Face à ces mutations et aux menaces des sociétés contemporaines, les familles, les communautés sociales, les structures globales de la société sont les témoins de nouveaux systèmes de cohésion et de protection. L’intimité et le secret, la prise de risque, la promotion de la responsabilité personnelle, la complexité semblent avoir laissé la place aux principes de transparence, de précaution, d’évaluation, de simplification.
Ceux-ci en viennent à constituer un totem d’un nouveau genre, sorte de « tétrapode » qui tient de l’animal quadrupède et du quadripôle électrique : les pieds sont constitués par les quatre principes précités ; l’emblème céphalique programme l’obligation de résultat ; l’appendice caudal assure une traçabilité à toute épreuve ; enfin, le circuit électronique qui connecte le tout réalise la mobilité surprenante d’un corps affairé à l’étiquetage méthodique de tout ce qui bouge autour de lui.
Ce tétrapode semble agir à l’inverse du projet cybernétique cherchant à repérer les communications et les autorégulations complexes qui exixtent dans l’animal et la machine ; il est en effet un animal-machine, robot biologico-articifiel simple, robuste et sans états d’âme, censé réguler les communications sociales, remplacer les responsabilités humaines susceptibles de défaillir, et protéger les individus.

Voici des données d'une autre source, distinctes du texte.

section \<open>Involution and independence of the family\<close>

lemma ell_nonzero:
  assumes "\<exists>i\<in>{1..n}. a i \<noteq> 0"
  shows "a (ell a + 1) \<noteq> 0"
proof -
  from assms obtain i where "i \<in> {1..n}" "a i \<noteq> 0" by blast
  then have "a ((i - 1) + 1) \<noteq> 0" by simp
  then show ?thesis
    unfolding ell_def by (rule LeastI)
qed

lemma ell_less:
  assumes "\<exists>i\<in>{1..n}. a i \<noteq> 0"
  shows "ell a < n"
proof -
  from assms obtain i where "i \<in> {1..n}" "a i \<noteq> 0" by blast
  then show ?thesis
    unfolding ell_def using Least_le[of "\<lambda>l. a (l + 1) \<noteq> 0" "i - 1"] by auto
qed

lemma ell_minimal: "i \<in> {1..ell a} \<Longrightarrow> a i = 0"
  using not_less_Least[of "i - 1" "\<lambda>l. a (l + 1) \<noteq> 0"] by (auto simp: ell_def)

text \<open>\<open>H = F_(n/2)\<close> is member \<open>\<lambda> + 1\<close> of the family, \<open>F_m\<close> (\<open>\<lambda> < m < n/2\<close>) is member \<open>m + 1\<close>.\<close>

definition F_position :: "nat \<Rightarrow> nat \<Rightarrow> nat \<Rightarrow> nat" where
  "F_position l N m = (if m = N then l + 1 else m + 1)"

lemma bij_betw_F_position: "l < N \<Longrightarrow> bij_betw (F_position l N) {l + 1..N} {l + 1..N}"
  by (rule bij_betw_byWitness[where f' = "\<lambda>k. if k = l + 1 then N else k - 1"])
    (auto simp: F_position_def)

lemma fam_JJ: "k \<le> ell a div 2 \<Longrightarrow> fam a n k = JJ k"
  by (simp add: fam_def)

lemma fam_F_position:
  assumes "even n" "m \<in> {ell a div 2 + 1..n div 2}"
  shows "fam a n (F_position (ell a div 2) (n div 2) m) = FF a n m"
proof -
  have "HH a n = FF a n (n div 2)"
    using assms(1) by (simp add: fun_eq_iff HH_def FF_def)
  then show ?thesis
    using assms(2) by (auto simp: fam_def Let_def F_position_def)
qed

lemma ell_div_2_less: "even n \<Longrightarrow> \<exists>i\<in>{1..n}. a i \<noteq> 0 \<Longrightarrow> ell a div 2 < n div 2"
  using ell_less[of n a] by auto

definition fam_vectors :: "(nat \<Rightarrow> real) \<Rightarrow> nat \<Rightarrow> (nat \<Rightarrow> real) \<Rightarrow> (nat \<Rightarrow> real) set" where
  "fam_vectors a n x = {(\<lambda>i. alt_tail k i - alt_tail 0 i) | k. k \<le> ell a div 2}
     \<union> {F_vec a x m | m. m \<in> {ell a div 2 + 1..n div 2}}"

lemma sign_form_fam_vectors:
  assumes "even n" "v \<in> fam_vectors a n x" "w \<in> fam_vectors a n x"
  shows "sign_form n v w = 0"
proof -
  let ?l = "ell a div 2" and ?N = "n div 2"
  have JF: "sign_form n (\<lambda>i. alt_tail k i - alt_tail 0 i) (F_vec a x m) = 0"
    if "k \<le> ?l" "m \<in> {?l + 1..?N}" for k m
    using that assms(1) by (intro sign_form_alt_head_F_vec) (auto intro: ell_minimal)
  have FJ: "sign_form n (F_vec a x m) (\<lambda>i. alt_tail k i - alt_tail 0 i) = 0"
    if "k \<le> ?l" "m \<in> {?l + 1..?N}" for k m
    using JF[OF that] sign_form_swap[of n "F_vec a x m"] by simp
  have FF: "sign_form n (F_vec a x m) (F_vec a x m') = 0" if "m \<le> ?N" "m' \<le> ?N" for m m'
    using that assms(1) sign_form_F_vec[of n m m' a x] sign_form_F_vec[of n m' m a x]
      sign_form_swap[of n "F_vec a x m" "F_vec a x m'"]
    by (cases "m \<le> m'") auto
  show ?thesis
    using assms(2,3) unfolding fam_vectors_def Un_iff mem_Collect_eq
    by (elim disjE exE conjE) (simp_all add: JF FJ FF sign_form_alt_head_alt_head[OF assms(1)])
qed

lemma log_grad_fam:
  assumes "even n" "\<exists>i\<in>{1..n}. a i \<noteq> 0" "\<forall>i\<in>{1..n}. x i \<noteq> 0" "k \<in> {1..n div 2}"
  shows "\<exists>c. \<exists>v\<in>fam_vectors a n x. \<forall>i\<in>{1..n}. log_grad (fam a n k) x i = c * v i"
proof (cases "k \<le> ell a div 2")
  case True
  then show ?thesis
    using assms(3) unfolding fam_vectors_def
    by (intro exI[of _ "JJ k x"] bexI[of _ "\<lambda>i. alt_tail k i - alt_tail 0 i"])
      (auto simp: fam_JJ log_grad_JJ)
next
  case False
  then have "k \<in> F_position (ell a div 2) (n div 2) ` {ell a div 2 + 1..n div 2}"
    using assms(4) bij_betw_imp_surj_on[OF bij_betw_F_position[OF ell_div_2_less[OF assms(1,2)]]]
    by auto
  then obtain m where "m \<in> {ell a div 2 + 1..n div 2}" "fam a n k = FF a n m"
    using fam_F_position[OF assms(1)] by auto
  then show ?thesis
    using assms(1,3) unfolding fam_vectors_def
    by (intro exI[of _ "inverse (alt_ratio (m + 1) (n div 2) x)"] bexI[of _ "F_vec a x m"])
      (auto simp: log_grad_FF divide_inverse)
qed

lemma pbracket_fam_eq_0:
  assumes "even n" "\<exists>i\<in>{1..n}. a i \<noteq> 0" "\<forall>i\<in>{1..n}. x i \<noteq> 0"
    and "p \<in> {1..n div 2}" "q \<in> {1..n div 2}"
  shows "pbracket n (fam a n p) (fam a n q) x = 0"
proof -
  obtain c v where v: "v \<in> fam_vectors a n x" "\<forall>i\<in>{1..n}. log_grad (fam a n p) x i = c * v i"
    using log_grad_fam[OF assms(1-4)] by blast
  obtain d w where w: "w \<in> fam_vectors a n x" "\<forall>i\<in>{1..n}. log_grad (fam a n q) x i = d * w i"
    using log_grad_fam[OF assms(1-3,5)] by blast
  have "pbracket n (fam a n p) (fam a n q) x = sign_form n (\<lambda>i. c * v i) (\<lambda>i. d * w i)"
    unfolding pbracket_eq_sign_form using v(2) w(2) by (intro sign_form_cong) auto
  also have "\<dots> = c * d * sign_form n v w"
    by (simp add: sign_form_scale_left sign_form_scale_right)
  finally show ?thesis
    using sign_form_fam_vectors[OF assms(1) v(1) w(1)] by simp
qed

lemma sum_log_grad_fam:
  assumes "even n" "\<exists>i\<in>{1..n}. a i \<noteq> 0" "\<forall>i\<in>{1..n}. x i \<noteq> 0" "i \<in> {1..n}"
  defines "l \<equiv> ell a div 2" and "N \<equiv> n div 2"
  shows "(\<Sum>k\<in>{1..N}. c k * log_grad (fam a n k) x i)
    = (\<Sum>k\<in>{1..l}. c k * JJ k x * (alt_tail k i - alt_tail 0 i))
      + (\<Sum>m\<in>{l + 1..N}. c (F_position l N m) / alt_ratio (m + 1) N x * F_vec a x m i)"
proof -
  have "l < N"
    unfolding l_def N_def using assms(1,2) by (rule ell_div_2_less)
  then have "{1..N} = {1..l} \<union> {l + 1..N}"
    by auto
  then have "(\<Sum>k\<in>{1..N}. c k * log_grad (fam a n k) x i)
      = (\<Sum>k\<in>{1..l}. c k * log_grad (fam a n k) x i) + (\<Sum>k\<in>{l + 1..N}. c k * log_grad (fam a n k) x i)"
    by (simp add: sum.union_disjoint disjoint_iff)
  also have "(\<Sum>k\<in>{l + 1..N}. c k * log_grad (fam a n k) x i)
      = (\<Sum>m\<in>{l + 1..N}. c (F_position l N m) * log_grad (fam a n (F_position l N m)) x i)"
    using sum.reindex_bij_betw[OF bij_betw_F_position[OF \<open>l < N\<close>],
        of "\<lambda>k. c k * log_grad (fam a n k) x i"]
    by simp
  finally show ?thesis
    using assms(1,3,4) by (simp add: l_def N_def fam_JJ log_grad_JJ fam_F_position log_grad_FF mult_ac)
qed

lemma sum_alt_head_even:
  assumes "r \<in> {1..l}"
  shows "(\<Sum>k\<in>{1..l}. z k * (alt_tail k (2 * r) - alt_tail 0 (2 * r))) = - (\<Sum>k\<in>{r..l}. z k)"
  using assms by (subst sum_negf[symmetric], intro sum.mono_neutral_cong_right) (auto simp: alt_tail_def)

lemma fam_independent:
  assumes "even n" "\<exists>i\<in>{1..n}. a i \<noteq> 0" "\<forall>i\<in>{1..n}. x i \<noteq> 0"
    and "\<forall>j\<in>{ell a<..n}. vv a j x \<noteq> 0"
    and "\<forall>i\<in>{1..n}. (\<Sum>k\<in>{1..n div 2}. c k * pd (fam a n k) i x) = 0"
    and "k \<in> {1..n div 2}"
  shows "c k = 0"
proof -
  let ?l = "ell a div 2" and ?N = "n div 2"
  let ?P = "F_position ?l ?N" and ?R = "\<lambda>m. alt_ratio (m + 1) ?N x"
  have lN: "?l < ?N"
    using assms(1,2) by (rule ell_div_2_less)
  have comb: "(\<Sum>k\<in>{1..?l}. c k * JJ k x * (alt_tail k i - alt_tail 0 i))
      + (\<Sum>m\<in>{?l + 1..?N}. c (?P m) / ?R m * F_vec a x m i) = 0" if "i \<in> {1..n}" for i
  proof -
    have "(\<Sum>k\<in>{1..?N}. c k * log_grad (fam a n k) x i)
        = x i * (\<Sum>k\<in>{1..?N}. c k * pd (fam a n k) i x)"
      by (simp add: log_grad_def sum_distrib_left mult_ac)
    then show ?thesis
      using assms(5) that sum_log_grad_fam[OF assms(1-3) that, of c] by simp
  qed
  have J: "c k = 0" if k: "k \<in> {1..?l}" for k
  proof -
    have "(\<Sum>k\<in>{r..?l}. c k * JJ k x) = 0" if r: "r \<in> {1..?l}" for r
    proof -
      have "a (2 * r) = 0"
        using r by (intro ell_minimal) auto
      then have "(\<Sum>m\<in>{?l + 1..?N}. c (?P m) / ?R m * F_vec a x m (2 * r)) = 0"
        using r by (intro sum.neutral) (auto simp: F_vec_def weights_def alt_tail_def)
      moreover have "2 * r \<in> {1..n}"
        using r lN by auto
      ultimately show ?thesis
        using comb[of "2 * r"] sum_alt_head_even[OF r, of "\<lambda>k. c k * JJ k x"] by (simp add: mult.assoc)
    qed
    then have "c k * JJ k x = 0"
      using k by (rule eq_0_if_tail_sums_eq_0)
    moreover have "JJ k x \<noteq> 0"
      unfolding JJ_eq_alt_ratio using k lN assms(3) by (intro alt_ratio_nonzero) auto
    ultimately show ?thesis by simp
  qed
  have F: "c (?P m) = 0" if m: "m \<in> {?l + 1..?N}" for m
  proof -
    have "c (?P m) / ?R m = 0"
    proof (rule F_vec_independent[where e = "ell a" and y = "\<lambda>m. c (?P m) / ?R m"])
      show "ell a < n" "a (ell a + 1) \<noteq> 0"
        using ell_less[OF assms(2)] ell_nonzero[OF assms(2)] .
      then show "x (ell a + 1) \<noteq> 0"
        using assms(3) by simp
      show "(\<Sum>m\<in>{?l + 1..?N}. c (?P m) / ?R m * F_vec a x m i) = 0" if "i \<in> {1..n}" for i
        using comb[OF that] J by simp
    qed (use assms(1,4) m in auto)
    moreover have "?R m \<noteq> 0"
      using assms(1,3) by (intro alt_ratio_nonzero) auto
    ultimately show ?thesis by simp
  qed
  show ?thesis
  proof (cases "k \<le> ?l")
    case True
    then show ?thesis using J assms(6) by simp
  next
    case False
    then have "k \<in> ?P ` {?l + 1..?N}"
      using assms(6) bij_betw_imp_surj_on[OF bij_betw_F_position[OF lN]] by auto
    then show ?thesis using F by auto
  qed
qed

En cela, il remplit bien une fonction de totem, symbolisant l’action des divinités athées représentées par ses divers appendices. Ces nouveaux principes ainsi totémisés produisent un système de valeurs inconnu jusqu’alors, et relèvent de croyances mythiques d’autant plus efficientes qu’elles ne sont pas identifiées comme telles. De tels principes sont habituellement édictés pour faire face aux écueils d’un monde incertain, aux limites des connaissances, aux défaillances humaines et techniques.
Or ces propos légèrement provoquants ne cherchent pas ici à participer aux concerts de critiques des progrès techniques qui assaillent une société et ses nombreux sous-systèmes en pleine transformation. Ces mouvements défensifs, rituels, mythiques et idéologiques, sont plutôt à percevoir comme la contrepartie indispensable de la mutation du monde contemporain, et des tensions entre tendances à l’innovation et tendances au statu quo. Devant les désorganisations rituelles et les menaces mythiques, l'urgence d'une argumentation épistémique, tant sur les plans microsociaux que macrosociaux, apparaît, encore plus aujourd'hui qu'hier, comme une nécessité vitale, susceptible, entre autres choses, d'améliorer ce tétrapode désormais incontournable.